Bernard Cholley1, Thibaut Caruba2, Sandrine Grosjean3, Julien Amour4, Alexandre Ouattara5, Judith Villacorta6, Bertrand Miguet7, Patrick Guinet8, François Lévy9, Pierre Squara10, Nora Aït Hamou4, Aude Carillion4, Julie Boyer3, Marie-Fazia Boughenou1, Sebastien Rosier8, Emmanuel Robin11, Mihail Radutoiu12, Michel Durand13, Catherine Guidon6, Olivier Desebbe14, Anaïs Charles-Nelson15, Philippe Menasché16, Bertrand Rozec7, Claude Girard3, Jean-Luc Fellahi14, Romain Pirracchio1, Gilles Chatellier15.   

Abstract

Importance: Low cardiac output syndrome after cardiac surgery is associated with high morbidity and mortality in patients with impaired left ventricular function. Objective: To assess the ability of preoperative levosimendan to prevent postoperative low cardiac output syndrome. Design, Setting, and Participants: Randomized, double-blind, placebo-controlled trial conducted in 13 French cardiac surgical centers. Patients with a left ventricular ejection fraction less than or equal to 40% and scheduled for isolated or combined coronary artery bypass grafting with cardiopulmonary bypass were enrolled from June 2013 until May 2015 and followed during 6 months (last follow-up, November 30, 2015). Interventions: Patients were assigned to a 24-hour infusion of levosimendan 0.1 µg/kg/min (n = 167) or placebo (n = 168) initiated after anesthetic induction. Main Outcomes and Measures: Composite end point reflecting low cardiac output syndrome with need for a catecholamine infusion 48 hours after study drug initiation, need for a left ventricular mechanical assist device or failure to wean from it at 96 hours after study drug initiation when the device was inserted preoperatively, or need for renal replacement therapy at any time postoperatively. It was hypothesized that levosimendan would reduce the incidence of this composite end point by 15% in comparison with placebo.
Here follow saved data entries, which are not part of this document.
section \<open>Coverage\<close>

text \<open>The empirical quantile is a measurable function of the samples, so independence lets us
  integrate the bound on the sections of {(v, y). v \<le> quantile of y} over the good samples.\<close>
lemma (in prob_space) prob_le_quantile_min_ecdf_ge_indep:
  fixes V :: "'a \<Rightarrow> real" and U :: "nat \<Rightarrow> nat \<Rightarrow> 'a \<Rightarrow> real"
  assumes d: "0 < d" and m: "\<And>i. i < d \<Longrightarrow> 0 < m i" and \<beta>: "0 < \<beta>" "\<beta> \<le> 1"
    and U: "\<And>i j. i < d \<Longrightarrow> j < m i \<Longrightarrow> U i j \<in> borel_measurable M"
    and V: "random_variable borel V"
    and indep: "indep_set (sigma_sets (space M) {V -` A \<inter> space M | A. A \<in> sets borel})
        (sigma_sets (space M) {(\<lambda>w. \<lambda>k\<in>(SIGMA i:{..<d}. {..<m i}). U (fst k) (snd k) w) -` A \<inter> space M
            | A. A \<in> sets (Pi\<^sub>M (SIGMA i:{..<d}. {..<m i}) (\<lambda>_. borel :: real measure))})"
    and \<gamma>: "0 \<le> \<gamma>" and large: "\<And>t. (\<And>i. i < d \<Longrightarrow> c i \<le> t) \<Longrightarrow> \<gamma> \<le> measure (distr M borel V) {..t}"
  shows "\<gamma> * prob {w \<in> space M. \<forall>i<d. c i \<le> quantile \<beta> (min_ecdf d m (\<lambda>i j. U i j w))}
    \<le> prob {w \<in> space M. V w \<le> quantile \<beta> (min_ecdf d m (\<lambda>i j. U i j w))}"
proof -
  define I where "I = (SIGMA i:{..<d}. {..<m i})"
  define MD where "MD = Pi\<^sub>M I (\<lambda>_. borel :: real measure)"
  define W where "W w = (\<lambda>k\<in>I. U (fst k) (snd k) w)" for w
  define T where "T y = quantile \<beta> (min_ecdf d m (\<lambda>i j. y (i, j)))" for y
  have W[measurable]: "W \<in> measurable M MD"
    unfolding W_def MD_def I_def using U by (intro measurable_restrict) auto
  have T[measurable]: "T \<in> borel_measurable MD"
    unfolding T_def MD_def I_def
    by (rule borel_measurable_quantile_min_ecdf[OF d m \<beta>]) (auto intro: measurable_component_singleton)
  have TW: "T (W w) = quantile \<beta> (min_ecdf d m (\<lambda>i j. U i j w))" for w
    unfolding T_def W_def I_def by (intro arg_cong[where f = "quantile \<beta>"] min_ecdf_cong) auto
  define G where "G = {y \<in> space MD. \<forall>i<d. c i \<le> T y}"
  define C where "C = {p \<in> space (borel \<Otimes>\<^sub>M MD). fst p \<le> T (snd p)}"
  have "\<gamma> * prob (W -` G \<inter> space M) \<le> prob {w \<in> space M. (V w, W w) \<in> C}"
  proof (rule prob_indep_pair_ge[OF V W _ _ _ \<gamma>])
    show "indep_set (sigma_sets (space M) {V -` A \<inter> space M | A. A \<in> sets borel})
        (sigma_sets (space M) {W -` A \<inter> space M | A. A \<in> sets MD})"
      using indep unfolding W_def MD_def I_def .
    show "C \<in> sets (borel \<Otimes>\<^sub>M MD)" "G \<in> sets MD" unfolding C_def G_def by measurable
    fix y assume "y \<in> G"
    then have "{x. (x, y) \<in> C} = {..T y}" and "\<And>i. i < d \<Longrightarrow> c i \<le> T y"
      by (auto simp: C_def G_def space_pair_measure)
    then show "\<gamma> \<le> measure (distr M borel V) {x. (x, y) \<in> C}" using large by simp
  qed
  moreover have "W -` G \<inter> space M = {w \<in> space M. \<forall>i<d. c i \<le> quantile \<beta> (min_ecdf d m (\<lambda>i j. U i j w))}"
    using measurable_space[OF W] by (auto simp: G_def TW)
  moreover have "{w \<in> space M. (V w, W w) \<in> C} = {w \<in> space M. V w \<le> quantile \<beta> (min_ecdf d m (\<lambda>i j. U i j w))}"
    using measurable_space[OF W] by (auto simp: C_def space_pair_measure TW)
  ultimately show ?thesis by simp
qed

theorem (in prob_space) prob_le_quantile_min_ecdf_ge:
  fixes V :: "'a \<Rightarrow> real" and U :: "nat \<Rightarrow> nat \<Rightarrow> 'a \<Rightarrow> real" and D :: "nat \<Rightarrow> real measure"
  assumes f: "fdiv_generator f"
    and d: "0 < d" and m: "\<And>i. i < d \<Longrightarrow> 0 < m i" and \<beta>: "0 < \<beta>" "\<beta> \<le> 1" and \<epsilon>: "0 < \<epsilon>"
    and D: "\<And>i. i < d \<Longrightarrow> real_distribution (D i)"
    and U_ind: "\<And>i. i < d \<Longrightarrow> indep_vars (\<lambda>_. borel) (U i) {..<m i}"
    and U_distr: "\<And>i j. i < d \<Longrightarrow> j < m i \<Longrightarrow> distr M borel (U i j) = D i"
    and V: "random_variable borel V"
    and indep: "indep_set (sigma_sets (space M) {V -` A \<inter> space M | A. A \<in> sets borel})
        (sigma_sets (space M) {(\<lambda>w. \<lambda>k\<in>(SIGMA i:{..<d}. {..<m i}). U (fst k) (snd k) w) -` A \<inter> space M
            | A. A \<in> sets (Pi\<^sub>M (SIGMA i:{..<d}. {..<m i}) (\<lambda>_. borel :: real measure))})"
    and fin: "(INF Q\<in>convex_hull_meas d D. fdiv f (distr M borel V) Q) \<noteq> \<infinity>"
  shows "(1 - (\<Sum>i<d. exp (- 2 * real (m i) * \<epsilon>\<^sup>2)))
      * g_fun f (real_of_ereal (INF Q\<in>convex_hull_meas d D. fdiv f (distr M borel V) Q)) (\<beta> - \<epsilon>)
    \<le> prob {w \<in> space M. V w \<le> quantile \<beta> (min_ecdf d m (\<lambda>i j. U i j w))}"
proof -
  define P where "P = distr M borel V"
  define \<rho> where "\<rho> = (INF Q\<in>convex_hull_meas d D. fdiv f P Q)"
  define \<gamma> where "\<gamma> = g_fun f (real_of_ereal \<rho>) (\<beta> - \<epsilon>)"
  have P: "real_distribution P" unfolding P_def using V by simp
  have "0 \<le> \<rho>" unfolding \<rho>_def by (rule INF_fdiv_convex_hull_meas_nonneg[OF f P D])
  then have r0: "0 \<le> real_of_ereal \<rho>" by (simp add: real_of_ereal_pos)
  have \<gamma>: "0 \<le> \<gamma>" unfolding \<gamma>_def using \<beta> \<epsilon> by (intro g_fun_nonneg[OF f r0]) auto
  show ?thesis
  proof (cases "\<beta> - \<epsilon> \<le> 0")
    case True
    then show ?thesis using g_fun_nonpos[OF f r0] unfolding P_def[symmetric] \<rho>_def[symmetric] by simp
  next
    case False
    then have \<beta>': "0 < \<beta> - \<epsilon>" "\<beta> - \<epsilon> < 1" using \<beta> \<epsilon> by auto
    have "\<exists>c. \<beta> - \<epsilon> \<le> measure (D i) {..c} \<and> measure (D i) {..<c} \<le> \<beta> - \<epsilon>" if i: "i < d" for i
      by (rule real_distribution.cdf_crossing[OF D[OF i] \<beta>']) blast
    then obtain c where c: "\<And>i. i < d \<Longrightarrow> \<beta> - \<epsilon> \<le> measure (D i) {..c i}"
      "\<And>i. i < d \<Longrightarrow> measure (D i) {..<c i} \<le> \<beta> - \<epsilon>" by metis
    have U: "U i j \<in> borel_measurable M" if "i < d" "j < m i" for i j
      using U_ind[OF that(1)] that(2) unfolding indep_vars_def by auto
    have large: "\<gamma> \<le> measure P {..t}" if t: "\<And>i. i < d \<Longrightarrow> c i \<le> t" for t
    proof -
      have "\<beta> - \<epsilon> \<le> measure (D i) {..t}" if i: "i < d" for i
      proof -
        interpret Di: real_distribution "D i" using D[OF i] .
        have "measure (D i) {..c i} \<le> measure (D i) {..t}"
          using t[OF i] by (intro Di.finite_measure_mono) auto
        with c(1)[OF i] show ?thesis by simp
      qed
      then show ?thesis
        unfolding \<gamma>_def \<rho>_def using \<beta>' by (intro g_fun_INF_fdiv_le_measure[OF f P D fin[folded P_def]]) auto
    qed
    have "(1 - (\<Sum>i<d. exp (- 2 * real (m i) * \<epsilon>\<^sup>2))) * \<gamma>
        \<le> prob {w \<in> space M. \<forall>i<d. c i \<le> quantile \<beta> (min_ecdf d m (\<lambda>i j. U i j w))} * \<gamma>"
      using prob_quantile_min_ecdf_ge[OF d m \<beta> less_imp_le[OF \<epsilon>] U_ind U_distr c(2)] \<gamma>
      by (rule mult_right_mono)
    also have "\<dots> \<le> prob {w \<in> space M. V w \<le> quantile \<beta> (min_ecdf d m (\<lambda>i j. U i j w))}"
      using prob_le_quantile_min_ecdf_ge_indep[OF d m \<beta> U V indep \<gamma>] large unfolding P_def
      by (simp add: mult.commute)
    finally show ?thesis unfolding \<gamma>_def \<rho>_def P_def .
  qed
qed

lemma (in prob_space)
  assumes s: "s \<in> borel_measurable N" and S: "\<And>i. i < d \<Longrightarrow> prob_space (S i) \<and> sets (S i) = sets N"
    and Z_meas: "\<And>i j. i < d \<Longrightarrow> j < m i \<Longrightarrow> Z i j \<in> measurable M N"
    and Z_distr: "\<And>i j. i < d \<Longrightarrow> j < m i \<Longrightarrow> distr M N (Z i j) = S i"
    and Z_indep: "\<And>i. i < d \<Longrightarrow> indep_vars (\<lambda>_. N) (Z i) {..<m i}"
  shows real_distribution_distr_score: "\<And>i. i < d \<Longrightarrow> real_distribution (distr (S i) borel s)"
    and indep_vars_score: "\<And>i. i < d \<Longrightarrow> indep_vars (\<lambda>_. borel) (\<lambda>j w. s (Z i j w)) {..<m i}"
    and distr_score:
      "\<And>i j. i < d \<Longrightarrow> j < m i \<Longrightarrow> distr M borel (\<lambda>w. s (Z i j w)) = distr (S i) borel s"
proof -
  fix i assume i: "i < d"
  have "s \<in> borel_measurable (S i)" using s by (simp add: measurable_cong_sets[OF conjunct2[OF S[OF i]] refl])
  then show "real_distribution (distr (S i) borel s)" using S[OF i] by (simp add: prob_space.real_distribution_distr)
  show "indep_vars (\<lambda>_. borel) (\<lambda>j w. s (Z i j w)) {..<m i}"
    using indep_vars_compose2[OF Z_indep[OF i], of "\<lambda>_. s"] s by simp
  fix j assume j: "j < m i"
  have "distr M borel (\<lambda>w. s (Z i j w)) = distr (distr M N (Z i j)) borel s"
    using Z_meas[OF i j] s by (subst distr_distr) (auto simp: comp_def)
  then show "distr M borel (\<lambda>w. s (Z i j w)) = distr (S i) borel s" unfolding Z_distr[OF i j] .
qed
Results: Among 336 randomized patients (mean age, 68 years; 16% women), 333 completed the trial. The primary end point occurred in 87 patients (52%) in the levosimendan group and 101 patients (61%) in the placebo group (absolute risk difference taking into account center effect, -7% [95% CI, -17% to 3%]; P = .15). Predefined subgroup analyses found no interaction with ejection fraction less than 30%, type of surgery, and preoperative use of β-blockers, intra-aortic balloon pump, or catecholamines. The prevalence of hypotension (57% vs 48%), atrial fibrillation (50% vs 40%), and other adverse events did not significantly differ between levosimendan and placebo. Conclusions and Relevance: Among patients with low ejection fraction who were undergoing coronary artery bypass grafting with cardiopulmonary bypass, levosimendan compared with placebo did not result in a significant difference in the composite end point of prolonged catecholamine infusion, use of left ventricular mechanical assist device, or renal replacement therapy. These findings do not support the use of levosimendan for this indication. Trial Registration: EudraCT Number: 2012-000232-25; clinicaltrials.gov Identifier: NCT02184819.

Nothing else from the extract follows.